Thank you for your comments to improve the clarity of the paper. The use of binned-JSD solves a specific problem, where a single majority label is not sufficient to represent the human preference as mentioned in section 4.2.
The advantage of binned-JSD can be demonstrated using a toy example (also now added to the appendix A.12 and referred in the paper in section RQ2) as follows. if only used a single gold human label (human_median in this case, could also be human_majority) to compute correlation, the acceptable values that humans have chosen is lost. As a result, metrics such as Krippendorff will see treat any value that is equidistant from the human single “gold” label as acceptably similar. For instance, assume that humans choose “disagree” or “neutral” (median/ majority value) (selections <2,3,3>). A good model chooses ''disagree" and a bad model chooses “agree” (completely different to human choice), because both “disagree” (Likert 2) and “agree” (Likert 4) are equidistant from the median/majority value (Likert 3- Median value), K-alpha has assigned very similar scores for the model that has assigned “disagree” (Likert 2) and the model that has assigned “agree” (Likert 4). Rank correlation metrics, in addition to their misfit in comparing item level Likert scores already discussed in the paper in section RQ2, also have a similar problem and deems the model that is poor as the better model as shown below. Our proposed approach on the other hand, assigned lower (better for JSD) scores to the better model as the "good” model assigns values that the humans have chosen, compared to the poor model that has predicted a different score altogether.
| humans | human_median | model_good | model_poor |
|---|---|---|---|
| [2, 2, 3] | 2 | 3 | 1 |
| [1, 2, 2] | 2 | 1 | 3 |
| [2, 3, 3] | 3 | 2 | 4 |
Metric results
| metric | model_good | model_poor | Does better model score better |
|---|---|---|---|
| Tau | 0 | 0.82 | False |
| Rho | 0 | 0.87 | False |
| K-alpha | -0.06 | -0.06 | False |
| JS_b | 0.56 | 0.65 | True |
The example above also exemplifies how unless we know apriori which is a better model, it is difficult to identify advantages / shortcomings with correlation measurements including the proposed binned-jsd. Effectiveness of metrics depend on the data. We dont know for certain if a model appears to be better/worse because of gaps in metrics, creating a chicken and egg problem in measuring the effectiveness of a metric itself. Not knowing which metric is appropriate is a common problem when it comes to correlation metrics [ Hove2018 ], including problems with Cohen’s Kappa [see Krippendorff 2004, cited over 4000 times] despite it being commonly used including many LLM as judge papers.
Hence, our recommendation in section 4.3 “Recommendations for reporting effectiveness of automated methods” - of stratification, visualization and multi-metric reporting so we can interpret the strengths and gaps in the metrics. In particular, we suggest “2. Multi-metric reporting: If there was no uncertainty, measures such as F1 would have worked. However, as a result of uncertainty, no single metric can capture important insights about every type of data as demonstrated in Sections 3.1, 3.2 and 3.3. Thus, we recommend reporting on multiple metrics belonging to different families, such as chance and non-chance-adjusted measures, so each metric in its own way can assist in bringing the less obvious”.
Through this paper and the arguments we make, we would like to encourage the research community to take a deeper look at metrics to understand the gaps between metrics vs the reality of comparing machine with human judgements as a result of uncertainty.
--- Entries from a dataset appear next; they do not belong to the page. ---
text \<open>
  A word avoids weakly increasing subsequences of length \<open>k + 1\<close> iff its positions can be
  coloured with \<open>k\<close> colours so that every colour class is strictly decreasing (colour a
  position by the length of the longest weak chain ending there). A strictly decreasing class is
  determined by its set of values, so each of the \<open>k ^ n\<close> colourings carries at most
  \<open>\<Prod>j. n choose |class j|\<close> words, and \<open>n choose c \<le> (1 + x) ^ n / x ^ c\<close> bounds
  \<open>wbar n k\<close> by \<open>L ^ n\<close> with \<open>L = k ^ (k + 1) / (k - 1) ^ (k - 1)\<close>.

  Conversely, concatenate \<open>T\<close> independent blocks of length \<open>k b\<close>: in each block every colour
  occurs \<open>b\<close> times and takes, in decreasing order, the values of a \<open>b\<close>-set inside a band
  of values that moves down by one band from block to block. This yields
  \<open>(multinomial \<cdot> (k b - 1 choose b) ^ k) ^ T\<close> distinct avoiding words of length \<open>T k b\<close>;
  by Stirling-type estimates the block count is at least \<open>L ^ (k b)\<close> divided by a polynomial
  in \<open>b\<close>, and \<open>wbar\<close> is monotone in \<open>n\<close>.
\<close>

section \<open>Weak chains and decreasing colourings\<close>

definition weak_chain :: "(nat \<Rightarrow> nat) \<Rightarrow> nat list \<Rightarrow> bool" where
  "weak_chain w xs \<longleftrightarrow> sorted_wrt (<) xs \<and> sorted_wrt (\<lambda>i j. w i \<le> w j) xs"

lemma has_weakly_inc_subseq_iff_weak_chain:
  "has_weakly_inc_subseq n m w \<longleftrightarrow>
     (\<exists>xs. weak_chain w xs \<and> length xs = m \<and> set xs \<subseteq> {..<n})"
proof
  assume "has_weakly_inc_subseq n m w"
  then obtain idx where "\<forall>j<m. idx j < n" "\<forall>j. Suc j < m \<longrightarrow> idx j < idx (Suc j)"
    "\<forall>j. Suc j < m \<longrightarrow> w (idx j) \<le> w (idx (Suc j))"
    unfolding has_weakly_inc_subseq_def by blast
  then show "\<exists>xs. weak_chain w xs \<and> length xs = m \<and> set xs \<subseteq> {..<n}"
    by (intro exI[of _ "map idx [0..<m]"])
      (auto simp: weak_chain_def sorted_wrt_iff_nth_Suc_transp transp_on_def)
next
  assume "\<exists>xs. weak_chain w xs \<and> length xs = m \<and> set xs \<subseteq> {..<n}"
  then obtain xs where xs: "weak_chain w xs" "length xs = m" "set xs \<subseteq> {..<n}" by blast
  then have "\<forall>j<m. xs ! j < n" by (auto dest: nth_mem)
  with xs show "has_weakly_inc_subseq n m w"
    unfolding has_weakly_inc_subseq_def
    by (intro exI[of _ "(!) xs"])
      (auto simp: weak_chain_def sorted_wrt_iff_nth_Suc_transp transp_on_def)
qed

lemma weak_chain_snoc:
  "weak_chain w (xs @ [i]) \<longleftrightarrow> weak_chain w xs \<and> (\<forall>x\<in>set xs. x < i \<and> w x \<le> w i)"
  by (auto simp: weak_chain_def sorted_wrt_append)

lemma weak_chain_last:
  assumes "weak_chain w xs" "x \<in> set xs"
  shows "x \<le> last xs \<and> w x \<le> w (last xs)"
  using assms by (cases xs rule: rev_cases) (auto simp: weak_chain_snoc)

definition chain_height :: "(nat \<Rightarrow> nat) \<Rightarrow> nat \<Rightarrow> nat" where
  "chain_height w i = Max (length ` {xs. weak_chain w xs \<and> xs \<noteq> [] \<and> last xs = i})"

lemma chain_height:
  fixes w :: "nat \<Rightarrow> nat" and i :: nat
  defines "C \<equiv> {xs. weak_chain w xs \<and> xs \<noteq> [] \<and> last xs = i}"
  shows chain_height_ge: "xs \<in> C \<Longrightarrow> length xs \<le> chain_height w i"
    and chain_height_witness: "\<exists>xs\<in>C. length xs = chain_height w i"
proof -
  have "length xs \<le> Suc i" if "xs \<in> C" for xs
  proof -
    have "set xs \<subseteq> {..i}" using weak_chain_last[of w xs] that by (auto simp: C_def)
    moreover have "distinct xs"
      using that by (auto simp: C_def weak_chain_def strict_sorted_iff)
    ultimately show ?thesis by (metis card_atMost card_mono distinct_card finite_atMost)
  qed
  then have fin: "finite (length ` C)" by (meson finite_atMost finite_subset image_subsetI atMost_iff)
  show "xs \<in> C \<Longrightarrow> length xs \<le> chain_height w i"
    unfolding chain_height_def C_def[symmetric] using fin by simp
  have "[i] \<in> C" by (simp add: C_def weak_chain_def)
  then have "length ` C \<noteq> {}" by blast
  then show "\<exists>xs\<in>C. length xs = chain_height w i"
    unfolding chain_height_def C_def[symmetric] using Max_in[OF fin] by fastforce
qed

lemma chain_height_pos: "0 < chain_height w i"
  using chain_height_witness[of w i] by (metis (mono_tags) length_greater_0_conv mem_Collect_eq)

lemma chain_height_strict_mono:
  assumes "i < i'" "w i \<le> w i'"
  shows "chain_height w i < chain_height w i'"
proof -
  obtain xs where xs: "weak_chain w xs" "xs \<noteq> []" "last xs = i" "length xs = chain_height w i"
    using chain_height_witness[of w i] by blast
  have "x < i' \<and> w x \<le> w i'" if "x \<in> set xs" for x
    using weak_chain_last[OF xs(1) that] xs(3) assms by auto
  then have "weak_chain w (xs @ [i'])" using xs(1) by (simp add: weak_chain_snoc)
  then have "length (xs @ [i']) \<le> chain_height w i'" by (intro chain_height_ge) auto
  then show ?thesis using xs(4) by simp
qed

definition colour_class :: "nat \<Rightarrow> (nat \<Rightarrow> nat) \<Rightarrow> nat \<Rightarrow> nat set" where
  "colour_class n c j = {i. i < n \<and> c i = j}"

definition decreasing_colouring :: "nat \<Rightarrow> nat \<Rightarrow> (nat \<Rightarrow> nat) \<Rightarrow> (nat \<Rightarrow> nat) \<Rightarrow> bool" where
  "decreasing_colouring n k w c \<longleftrightarrow>
     (\<forall>i<n. c i < k) \<and> (\<forall>j. strict_antimono_on (colour_class n c j) w)"

lemma decreasing_colouringD:
  "decreasing_colouring n k w c \<Longrightarrow> i < i' \<Longrightarrow> i' < n \<Longrightarrow> c i = c i' \<Longrightarrow> w i' < w i"
  by (auto simp: decreasing_colouring_def colour_class_def monotone_on_def)

lemma decreasing_colouringI:
  "(\<And>i. i < n \<Longrightarrow> c i < k) \<Longrightarrow>
   (\<And>i i'. i < i' \<Longrightarrow> i' < n \<Longrightarrow> c i = c i' \<Longrightarrow> w i' < w i) \<Longrightarrow>
   decreasing_colouring n k w c"
  by (auto simp: decreasing_colouring_def colour_class_def monotone_on_def)

lemma chain_height_decreasing_colouring:
  assumes "\<not> has_weakly_inc_subseq n (k + 1) w"
  shows "decreasing_colouring n k w (\<lambda>i. chain_height w i - 1)"
proof (rule decreasing_colouringI)
  fix i assume "i < n"
  show "chain_height w i - 1 < k"
  proof (rule ccontr)
    assume "\<not> chain_height w i - 1 < k"
    moreover obtain xs where xs: "weak_chain w xs" "xs \<noteq> []" "last xs = i" "length xs = chain_height w i"
      using chain_height_witness[of w i] by blast
    ultimately have "length (take (k + 1) xs) = k + 1"
      using chain_height_pos[of w i] by (simp add: min_def, linarith)
    moreover have "weak_chain w (take (k + 1) xs)"
      using xs(1) by (simp add: weak_chain_def)
    moreover have "set (take (k + 1) xs) \<subseteq> {..<n}"
      using weak_chain_last[OF xs(1)] xs(3) \<open>i < n\<close> set_take_subset by fastforce
    ultimately show False using assms by (auto simp: has_weakly_inc_subseq_iff_weak_chain)
  qed
next
  fix i i' assume "i < i'" "chain_height w i - 1 = chain_height w i' - 1"
  show "w i' < w i"
  proof (rule ccontr)
    assume "\<not> w i' < w i"
    then have "chain_height w i < chain_height w i'"
      using \<open>i < i'\<close> by (intro chain_height_strict_mono) auto
    then show False using \<open>chain_height w i - 1 = chain_height w i' - 1\<close> chain_height_pos[of w i]
      by linarith
  qed
qed

lemma not_has_weakly_inc_subseq_if_decreasing_colouring:
  assumes c: "decreasing_colouring n k w c"
  shows "\<not> has_weakly_inc_subseq n (k + 1) w"
proof
  assume "has_weakly_inc_subseq n (k + 1) w"
  then obtain xs where xs: "weak_chain w xs" "length xs = k + 1" "set xs \<subseteq> {..<n}"
    by (auto simp: has_weakly_inc_subseq_iff_weak_chain)
  have in_range: "xs ! a < n" if "a < k + 1" for a
    using xs(2,3) that by (metis in_mono lessThan_iff nth_mem)
  have distinct_colours: "c (xs ! a) \<noteq> c (xs ! a')" if "a < a'" "a' < k + 1" for a a'
  proof
    assume "c (xs ! a) = c (xs ! a')"
    moreover have "xs ! a < xs ! a'" "w (xs ! a) \<le> w (xs ! a')"
      using xs(1,2) that sorted_wrt_nth_less[of _ xs a a'] by (auto simp: weak_chain_def)
    ultimately show False using decreasing_colouringD[OF c] in_range that by fastforce
  qed
  have "inj_on (\<lambda>a. c (xs ! a)) {..<k + 1}"
  proof (rule inj_onI)
    fix a a' assume "a \<in> {..<k + 1}" "a' \<in> {..<k + 1}" "c (xs ! a) = c (xs ! a')"
    then show "a = a'" using distinct_colours[of a a'] distinct_colours[of a' a]
      by (cases a a' rule: linorder_cases) auto
  qed
  moreover have "(\<lambda>a. c (xs ! a)) ` {..<k + 1} \<subseteq> {..<k}"
    using c in_range by (auto simp: decreasing_colouring_def)
  ultimately show False using card_inj_on_le[of _ "{..<k + 1}" "{..<k}"] by simp
qed

text \<open>This is Mirsky's theorem (the dual of Dilworth's theorem).\<close>

lemma not_has_weakly_inc_subseq_iff_decreasing_colouring:
  "\<not> has_weakly_inc_subseq n (k + 1) w \<longleftrightarrow> (\<exists>c. decreasing_colouring n k w c)"
  using chain_height_decreasing_colouring not_has_weakly_inc_subseq_if_decreasing_colouring by blast

definition avoiders :: "nat \<Rightarrow> nat \<Rightarrow> (nat \<Rightarrow> nat) set" where
  "avoiders n k = {w \<in> words n. \<not> has_weakly_inc_subseq n (k + 1) w}"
[1] Klaus Krippendorff, Reliability in Content Analysis: Some Common Misconceptions and Recommendations, Human Communication Research, Volume 30, Issue 3, July 2004, Pages 411–433, https://doi.org/10.1111/j.1468-2958.2004.tb00738.x
[2] Debby ten Hove, Terrence D. Jorgensen, and L. Andriesvan der Ark. 2018. On the usefulness of interrater reliability coefficients. In Quantitative Psychology, pages 67–75, Cham. Springer International Publishing
- The type of human annotation is limited. Although the paper presented very well the type of collected human annotations, I limited these in their evaluations. Given the space and the breed of the paper, I suggest adding a few more datasets (Please check paper [1] for some guidance on what dataset to choose.)
We have now included 3 additional datasets (Topic chat, DICES and QAGS) used in paper[1]) as a case study in the Appendix (section A.11) of our paper and referred in the main body in section 4.3. This is in addition to existing 6 datasets (SNLI, MNLI-matched, MNLI-mismatched, SummEval, Mt-bench and synthetic datasets ) on several models – Mistral, Sonnet, LLama and GPT-4. Our findings hold, and we summarize the findings here for the new 3 datasets.
-
Effects of Multi-metric reporting: On the Topical Chat (TC) dataset, for understandable criteria the aggregate number (Krippendorff- -0.01) of score of -0.01 superficially seems to imply that HM correlation is low as shown in Table6. However, percentage agreement (score 0.97) and Randolph- (score 0.93) score quite highly, indicating that class imbalance has substantially lowered Krippendorff- pretty close to 0.0. Also note that over 96% of the samples have perfect human agreement, however the overall HH Krippendorff- is quite low scoring -0.01. This effect of how various chance adjusted metrics impact correlation scores is also discussed in detail in section 4.3.
-
Impact of stratification When we compare the overall performance (column All in Table-6 on dataset TC (criteria understandable) with dataset QAGS, Randolph- drops substantially by 19 points (0.93 0.74). However, QAGS dataset has around 66% of the samples that have perfect human agreement, while TC has 96% of the sample with human agreement. When we compare the samples with perfect human agreement between the 2 datasets, the model performance gap reduces to just 6 points (0.93 0.87).The model seems to struggle with DICES dataset (crowdsourced with over 100 annotations per item, with no perfect agreement items) across all metrics and stratification groups, indicating much deeper investigation is required. The general trend of where in a stratified group with higher proportion of noisy or uncertain samples (as measured by low HH correlation), the HM correlation seems to outperform HH correlation in Table6 applies as previously discussed in Section RQ1.
- The study considered four datasets with variant tasks and annotations that have sufficient human annotators. I think the number of annotations was well considered, but the number of the dataset could be improved, and metal analysis could have been better presented instead of large tables per dataset.
We have increased the datasets as suggested. We acknowledge that the information is complex to synthesize as the table present results stratified by different groups and metrics. This was the simplest way with our best efforts. Happy to incorporate any specific suggestions you have.
- How come the metric does not need a single value to approximate human labels but relies on a single "human and machine labels are not treated interchangeably, as the items in a given bin are selected by the human median or majority value"? This seems contradictory to me.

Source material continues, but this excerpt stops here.